The TWI was at 77.43 at 5pm from 77.93 late yesterday in Wellington. It traded at 92.90 Australian cents from 93.20 cents late yesterday and at 73.53 US cents versus 73.99 US cents yesterday.
The central bank is widely expected to keep rates on hold at 1.75 percent at Thursday's rate review but is now expected to signal rates on hold for longer than prior forecasts. In May it said rates would be on hold until 2019 and it could now signal 2020, according to economists.
"I think people are realising the RBNZ will be a bit more dovish so the New Zealand dollar has been under a bit of pressure," said ANZ Bank New Zealand senior economist Phil Borkin. "We certainly think they are going to flatten the official cash rate profile and certainly not talk about rate hikes anytime soon and they might even be a bit more explicit in terms of a few nerves about the currency.

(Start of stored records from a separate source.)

lemma compact_prodset: "compact K1 \<Longrightarrow> compact K2 \<Longrightarrow> compact (prodset K1 K2)"
proof -
  assume "compact K1" "compact K2"
  have "prodset K1 K2 = (\<lambda>p. pt (fst p) (snd p)) ` (K1 \<times> K2)"
    unfolding prodset_def by force
  moreover have "continuous_on (K1 \<times> K2) (\<lambda>p. pt (fst p) (snd p))"
    by (intro continuous_intros)
  ultimately show ?thesis
    using \<open>compact K1\<close> \<open>compact K2\<close> by (metis compact_Times compact_continuous_image)
qed

lemma holo_map_on_pt:
  assumes "a holomorphic_on D" and "holo_map_on phi D"
  shows "holo_map_on (\<lambda>z. pt (a z) (phi z)) D"
  unfolding holo_map_on_def
proof
  fix i :: "'a option"
  show "(\<lambda>z. pt (a z) (phi z) $ i) holomorphic_on D"
    using assms by (cases i) (simp_all add: holo_map_on_def)
qed

lemma norm_deriv_deriv_le:
  fixes f :: "complex \<Rightarrow> complex"
  assumes "f holomorphic_on U" and "open U" and "cball y s \<subseteq> U" and "s > 0"
    and "\<And>z. z \<in> U \<Longrightarrow> norm (f z) \<le> M"
  shows "norm (deriv (deriv f) y) \<le> 2 * (\<bar>M\<bar> + 1) / s\<^sup>2"
proof -
  have "norm ((deriv ^^ 2) f y) \<le> fact 2 * (\<bar>M\<bar> + 1) / s ^ 2"
  proof (rule Cauchy_higher_deriv_bound)
    show "f holomorphic_on ball y s"
      using assms(1,3) ball_subset_cball holomorphic_on_subset by blast
    show "continuous_on (cball y s) f"
      using assms(1-3) holomorphic_on_imp_continuous_on continuous_on_subset by blast
    show "f z \<in> ball 0 (\<bar>M\<bar> + 1)" if "z \<in> ball y s" for z
      using assms(3) assms(5)[of z] that ball_subset_cball by fastforce
  qed (use assms(4) in auto)
  then show ?thesis
    by (simp add: numeral_2_eq_2)
qed

lemma holomorphic_first_order_remainder:
  fixes f :: "complex \<Rightarrow> complex"
  assumes holf: "f holomorphic_on ball x0 s"
    and bound: "\<And>y. y \<in> ball x0 s \<Longrightarrow> norm (deriv (deriv f) y) \<le> B" and x: "x \<in> ball x0 s"
  shows "norm (f x - f x0 - deriv f x0 * (x - x0)) \<le> B * norm (x - x0) ^ 2"
proof -
  have "0 < s"
    using x by (metis ball_eq_empty empty_iff not_le)
  have "norm ((deriv ^^ 0) f x - (\<Sum>i\<le>1. (deriv ^^ i) f x0 * (x - x0) ^ i / fact i))
          \<le> B * norm (x - x0) ^ Suc 1 / fact 1"
  proof (rule complex_Taylor[where S = "ball x0 s"])
    fix i :: nat and y assume "y \<in> ball x0 s" "i \<le> 1"
    moreover have "deriv f holomorphic_on ball x0 s"
      using holf by (rule holomorphic_deriv) simp
    ultimately show "((deriv ^^ i) f has_field_derivative (deriv ^^ Suc i) f y) (at y within ball x0 s)"
      using holf by (auto simp: le_Suc_eq intro!: holomorphic_derivI[of _ "ball x0 s"])
  qed (use bound x \<open>0 < s\<close> in \<open>auto simp: numeral_2_eq_2\<close>)
  then show ?thesis
    by (simp add: algebra_simps power2_eq_square)
qed

lemma uniform_limit_at_if_dist_le:
  assumes "s > 0"
    and "\<And>x w. w \<in> W \<Longrightarrow> 0 < dist x x0 \<Longrightarrow> dist x x0 < s \<Longrightarrow> dist (f x w) (g w) \<le> B * dist x x0"
  shows "uniform_limit W f g (at x0)"
  unfolding uniform_limit_at_iff
proof (intro allI impI)
  fix e :: real assume "e > 0"
  define d where "d = min s (e / (\<bar>B\<bar> + 1))"
  have "dist (f x w) (g w) < e" if "w \<in> W" "0 < dist x x0" "dist x x0 < d" for x w
  proof -
    have "dist (f x w) (g w) \<le> \<bar>B\<bar> * dist x x0"
      using assms(2)[of w x] that by (auto simp: d_def intro: order_trans)
    also have "\<dots> \<le> \<bar>B\<bar> * (e / (\<bar>B\<bar> + 1))"
      using that by (intro mult_left_mono) (auto simp: d_def)
    also have "\<dots> < e"
      using \<open>e > 0\<close> by (simp add: field_simps)
    finally show ?thesis .
  qed
  moreover have "d > 0"
    using \<open>s > 0\<close> \<open>e > 0\<close> by (simp add: d_def)
  ultimately show "\<exists>d>0. \<forall>x. 0 < dist x x0 \<and> dist x x0 < d \<longrightarrow> (\<forall>w\<in>W. dist (f x w) (g w) < e)"
    by blast
qed

lemma uniform_limit_difference_quotients:
  fixes h :: "'w \<Rightarrow> complex \<Rightarrow> complex"
  assumes "R > 0" and hol: "\<And>w. w \<in> W \<Longrightarrow> h w holomorphic_on ball x0 R"
    and bound: "\<And>w x. w \<in> W \<Longrightarrow> x \<in> ball x0 R \<Longrightarrow> norm (h w x) \<le> M"
  shows "uniform_limit W (\<lambda>x w. (h w x - h w x0) / (x - x0)) (\<lambda>w. deriv (h w) x0) (at x0)"
proof -
  define s where "s = R / 3"
  define B where "B = 2 * (\<bar>M\<bar> + 1) / s\<^sup>2"
  have "s > 0" "ball x0 s \<subseteq> ball x0 R"
    using \<open>R > 0\<close> by (auto simp: s_def)
  have deriv2: "norm (deriv (deriv (h w)) y) \<le> B" if "w \<in> W" "y \<in> ball x0 s" for w y
  proof -
    have "cball y s \<subseteq> ball x0 R"
    proof
      fix z assume "z \<in> cball y s"
      then show "z \<in> ball x0 R"
        using that(2) \<open>R > 0\<close> dist_triangle[of x0 z y] by (auto simp: s_def dist_commute)
    qed
    then show ?thesis
      unfolding B_def using \<open>s > 0\<close> hol bound that(1) by (intro norm_deriv_deriv_le) auto
  qed
  show ?thesis
  proof (rule uniform_limit_at_if_dist_le[OF \<open>s > 0\<close>])
    fix x w assume w: "w \<in> W" and x: "0 < dist x x0" "dist x x0 < s"
    have "dist ((h w x - h w x0) / (x - x0)) (deriv (h w) x0)
            = norm (h w x - h w x0 - deriv (h w) x0 * (x - x0)) / norm (x - x0)"
      using x by (simp add: dist_norm norm_divide [symmetric] field_simps)
    also have "\<dots> \<le> B * norm (x - x0) ^ 2 / norm (x - x0)"
      using x w hol[OF w] deriv2 \<open>ball x0 s \<subseteq> ball x0 R\<close>
      by (intro divide_right_mono holomorphic_first_order_remainder[where s = s])
        (auto simp: dist_commute intro: holomorphic_on_subset)
    also have "\<dots> = B * dist x x0"
      using x by (simp add: dist_norm power2_eq_square)
    finally show "dist ((h w x - h w x0) / (x - x0)) (deriv (h w) x0) \<le> B * dist x x0" .
  qed
qed

lemma AD_holomorphic_along:
  assumes "f \<in> AD K" and "r > 0" and "holo_map_on phi (ball c r)" and "inj_on phi (ball c r)"
    and "phi ` ball c r \<subseteq> K"
  shows "(\<lambda>z. f (phi z)) holomorphic_on ball c r"
  using assms unfolding AD_def by (auto simp: o_def)

lemma ADI:
  assumes "continuous_on K f"
    and "\<And>c r phi. r > 0 \<Longrightarrow> holo_map_on phi (ball c r) \<Longrightarrow> inj_on phi (ball c r)
           \<Longrightarrow> phi ` ball c r \<subseteq> K \<Longrightarrow> (\<lambda>z. f (phi z)) holomorphic_on ball c r"
  shows "f \<in> AD K"
  using assms unfolding AD_def by (simp add: o_def)

lemma AD_diff_divide:
  assumes "f \<in> AD K" and "g \<in> AD K"
  shows "(\<lambda>w. (f w - g w) / c) \<in> AD K"
proof (rule ADI)
  show "continuous_on K (\<lambda>w. (f w - g w) / c)"
    using assms unfolding AD_def divide_inverse by (auto intro!: continuous_intros)
next
  fix c' r phi
  assume "r > 0" "holo_map_on phi (ball c' r)" "inj_on phi (ball c' r)" "phi ` ball c' r \<subseteq> K"
  then show "(\<lambda>z. (f (phi z) - g (phi z)) / c) holomorphic_on ball c' r"
    using AD_holomorphic_along[OF assms(1)] AD_holomorphic_along[OF assms(2)]
    unfolding divide_inverse by (auto intro!: holomorphic_intros)
qed

lemma AD_uniform_limit:
  assumes AD: "\<forall>\<^sub>F n in F. f n \<in> AD K" and lim: "uniform_limit K f g F" and F: "F \<noteq> bot"
  shows "g \<in> AD K"
proof (rule ADI)
  show "continuous_on K g"
    using uniform_limit_theorem[OF eventually_mono[OF AD] lim] F by (auto simp: AD_def)
next
  fix c r phi
  assume r: "r > 0" and phi: "holo_map_on phi (ball c r)" "inj_on phi (ball c r)"
    and im: "phi ` ball c r \<subseteq> K"
  have "(\<lambda>z. g (phi z)) analytic_on ball c r"
    unfolding analytic_on_def
  proof
    fix z assume "z \<in> ball c r"
    then obtain d where d: "d > 0" "cball z d \<subseteq> ball c r"
      by (meson open_ball open_contains_cball)
    have "phi \<in> cball z d \<rightarrow> K"
      using d(2) im by auto
    then have lim_z: "uniform_limit (cball z d) (\<lambda>n z. f n (phi z)) (\<lambda>z. g (phi z)) F"
      by (rule uniform_limit_compose'[OF lim])
    have "\<forall>\<^sub>F n in F. continuous_on (cball z d) (\<lambda>z. f n (phi z))
                                \<and> (\<lambda>z. f n (phi z)) holomorphic_on ball z d"
    proof (rule eventually_mono[OF AD])
      fix n assume "f n \<in> AD K"
      then have hol: "(\<lambda>z. f n (phi z)) holomorphic_on ball c r"
        using r phi im by (rule AD_holomorphic_along)
      show "continuous_on (cball z d) (\<lambda>z. f n (phi z)) \<and> (\<lambda>z. f n (phi z)) holomorphic_on ball z d"
      proof
        show "continuous_on (cball z d) (\<lambda>z. f n (phi z))"
          using holomorphic_on_imp_continuous_on[OF hol] d(2) by (rule continuous_on_subset)
        show "(\<lambda>z. f n (phi z)) holomorphic_on ball z d"
          using hol d(2) ball_subset_cball by (blast intro: holomorphic_on_subset)
      qed
    qed
    from holomorphic_uniform_limit[OF this lim_z] F
    have "(\<lambda>z. g (phi z)) holomorphic_on ball z d"
      by (auto simp: trivial_limit_def)
    then show "\<exists>\<epsilon>>0. (\<lambda>z. g (phi z)) holomorphic_on ball z \<epsilon>"
      using d(1) by blast
  qed
  then show "(\<lambda>z. g (phi z)) holomorphic_on ball c r"
    by (simp add: analytic_on_open)
qed

lemma AD_slice:
  assumes F: "F \<in> AD (prodset K1 K2)" and x: "x \<in> K1"
  shows "(\<lambda>w. F (pt x w)) \<in> AD K2"
proof (rule ADI)
  have "continuous_on K2 (pt x)"
    by (intro continuous_intros)
  moreover have "pt x ` K2 \<subseteq> prodset K1 K2"
    using x by blast
  ultimately show "continuous_on K2 (\<lambda>w. F (pt x w))"
    using F continuous_on_compose2 unfolding AD_def by blast
next
  fix c r phi
  assume "r > 0" "holo_map_on phi (ball c r)" "inj_on phi (ball c r)" "phi ` ball c r \<subseteq> K2"
  moreover from this have "inj_on (\<lambda>z. pt x (phi z)) (ball c r)"
    by (auto simp: inj_on_def)
  ultimately show "(\<lambda>z. F (pt x (phi z))) holomorphic_on ball c r"
    using x by (intro AD_holomorphic_along[OF F] holo_map_on_pt) auto
qed

lemma holomorphic_on_fibre:
  assumes F: "F \<in> AD (prodset K1 K2)" and "ball x0 R \<subseteq> K1" and "w \<in> K2"
  shows "(\<lambda>x. F (pt x w)) holomorphic_on ball x0 R"
proof (cases "R > 0")
  case True
  have "holo_map_on (\<lambda>_. w) (ball x0 R)"
    by (simp add: holo_map_on_def)
  moreover have "inj_on (\<lambda>x. pt x w) (ball x0 R)"
    by (simp add: inj_on_def)
  ultimately show ?thesis
    using True assms by (intro AD_holomorphic_along[OF F] holo_map_on_pt) auto
qed (simp add: ball_empty holomorphic_on_empty)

But we don't expect them to come out with an explicit easing bias by any means."
Across the Tasman investors were cheered when the strong run shown by the Australian business sector continued in the July NAB business survey, with business conditions hitting their highest level since 2008. The data weighed on the kiwi and Borkin said it could ease further, in particular ahead of Thursday's monetary policy statement.
Borkin also said the kiwi may also be faltering against the crosses on some pre-election jitters after the shakeup in the Labour Party that saw Jacinda Ardern replace Andrew Little as leader of the opposition. "The market may be reacting to some election uncertainty," after being largely complacent, he said. "It's become more interesting but what we really need is another poll."
The kiwi declined to 56.37 British pence from 56.65 pence and was at 4.9250 yuan from 4.9740 yuan. It dipped 62.26 euro cents from 62.72 cents and fell to 81.33 yen from 81.90 yen.
New Zealand's two-year swap rate fell 1 basis point to 2016 percent while the 10-year swaps fell 5 basis point to 3.16 percent.